Shaman Guillermo Arrévalo mentioned in the interview that the increasing popularity of ayahuasca for personal healing amongst European and North American communities indicates a rising spiritual crisis. It is of no surprise that spiritual crisis becomes a contemporary social issue in Western societies since our education intentionally and selectively produces the kinds of humans that contribute to the existing capitalistic economy and thereby perpetuates the idea that purpose equals productivity (Donald 2015) without the acknowledgement that these educational approaches are “products of decades of diligent efforts to scrub spirituality and religion out of ways of knowing and out of curricula—and keep it that way” (Bartlett, Marshall and Marshall 2012).
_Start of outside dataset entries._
theorem lemma17:
  fixes V :: "'a set" and E :: "'a \<Rightarrow> 'a \<Rightarrow> bool" and n k a :: nat and x y :: 'a
  assumes deza: "deza_graph V E n k (k - 1) a"
    and k: "k > 1"
    and beta: "\<forall>v\<in>V. deza_beta V E (k - 1) v = 1"
    and x: "NA_vertex V E (k - 1) x" and y: "NA_vertex V E (k - 1) y"
    and Cne: "Cset V E (k - 1) x \<noteq> Cset V E (k - 1) y"
  defines "xb \<equiv> vb V E (k - 1) x" and "yb \<equiv> vb V E (k - 1) y"
    and "x' \<equiv> vprime V E (k - 1) x" and "y' \<equiv> vprime V E (k - 1) y"
    and "xb' \<equiv> vb V E (k - 1) (vprime V E (k - 1) x)"
    and "yb' \<equiv> vb V E (k - 1) (vprime V E (k - 1) y)"
  shows "(some_edge E {x, xb} {y, yb} \<or> some_edge E {x', xb'} {y', yb'} \<longrightarrow>
            all_edges E {x, xb} {y, yb} \<and> all_edges E {x', xb'} {y', yb'})
       \<and> (some_edge E {x, xb} {y', yb'} \<or> some_edge E {x', xb'} {y, yb} \<longrightarrow>
            all_edges E {x, xb} {y', yb'} \<and> all_edges E {x', xb'} {y, yb})
       \<and> num_edges_between E (Cset V E (k - 1) x) (Cset V E (k - 1) y) \<in> {0, 8, 16}"
proof -
  interpret deza_beta_one V E n "k - 1" a
    using deza k beta by unfold_locales simp_all
  show ?thesis
    unfolding xb_def yb_def x'_def y'_def xb'_def yb'_def
    using some_edge_imp_all_edges[OF edge_blocks(1,2)[OF x y Cne]]
      some_edge_imp_all_edges[OF edge_blocks(3,4)[OF x y Cne]]
      num_edges_between_Cset[OF x y Cne]
    by blast
qed

end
If the purpose of life is being productive in the economy, then why are people depressed instead of being content? To me, this social norm of productivity derived purpose is the root of these spiritual crisis.
So what is a spiritual crisis? To me, a spiritual crisis is the discontentment for the limitation of our physical reality with the deep inner knowing that there must be more to it. A spiritual crisis is the shaking up of the conditioning of who we are told to be. A spiritual crisis is the deep questioning of this physical body that we tie our identities to. A spiritual crisis is the dissatisfaction with transiency. It is the search for life, the search for truth, the search of eternity, and the experience of ayahuasca does exactly that. The ayahuasca experience is contacting and acquiring knowledge from plant spirits. Therefore, the preparation of an ayahuasca ceremony requires “dieta”, which essentially is the deactivation of the human functions through isolation, fasting and celibacy in order to go on a journey as a spirit and exchange information with plant spirits. (Jauregui, Clavo, Jovel, Pardo de Santiyana 2011).
To me, ayahuasca is a blessing. It is not escapism. It is salvation.
Professor Smith mentioned in the podcast that “…the reason that you have access—you, anyone listening to this podcast has had—the reason you have access to ayahuasca experiences today is because indigenous people were enslaved during the Amazonian rubber boom.” So is ayahuasca exploitation? Probably yes. Is our existence and livelihood as settlers in North America and Latin America also because of the genocide and oppression of indigenous people? Also yes.
I haven’t figured out how I should live with that…
Bartlett.C, Marshall.M & Marshall,A. (2012). Two-Eyed Seeing and other lessons learned within a co-learning journey of bringing together indigenous and mainstream knowledge and ways of knowing. Journal of Environmental Studies and Sciences, (2) 4: 331–340.
De Rios, M. D. (2005).Interview with Guillermo Arrévalo, a Shipibo Urban Shaman, by Roger Rumrrill. Journal of psychoactive drugs, (37) 2: 203-207.
Donald,C. (2015). Homo Economicus and Forgetful Curriculum: remembering other ways to be a human being. Edmonton, Alberta : University of Alberta Press, 2019.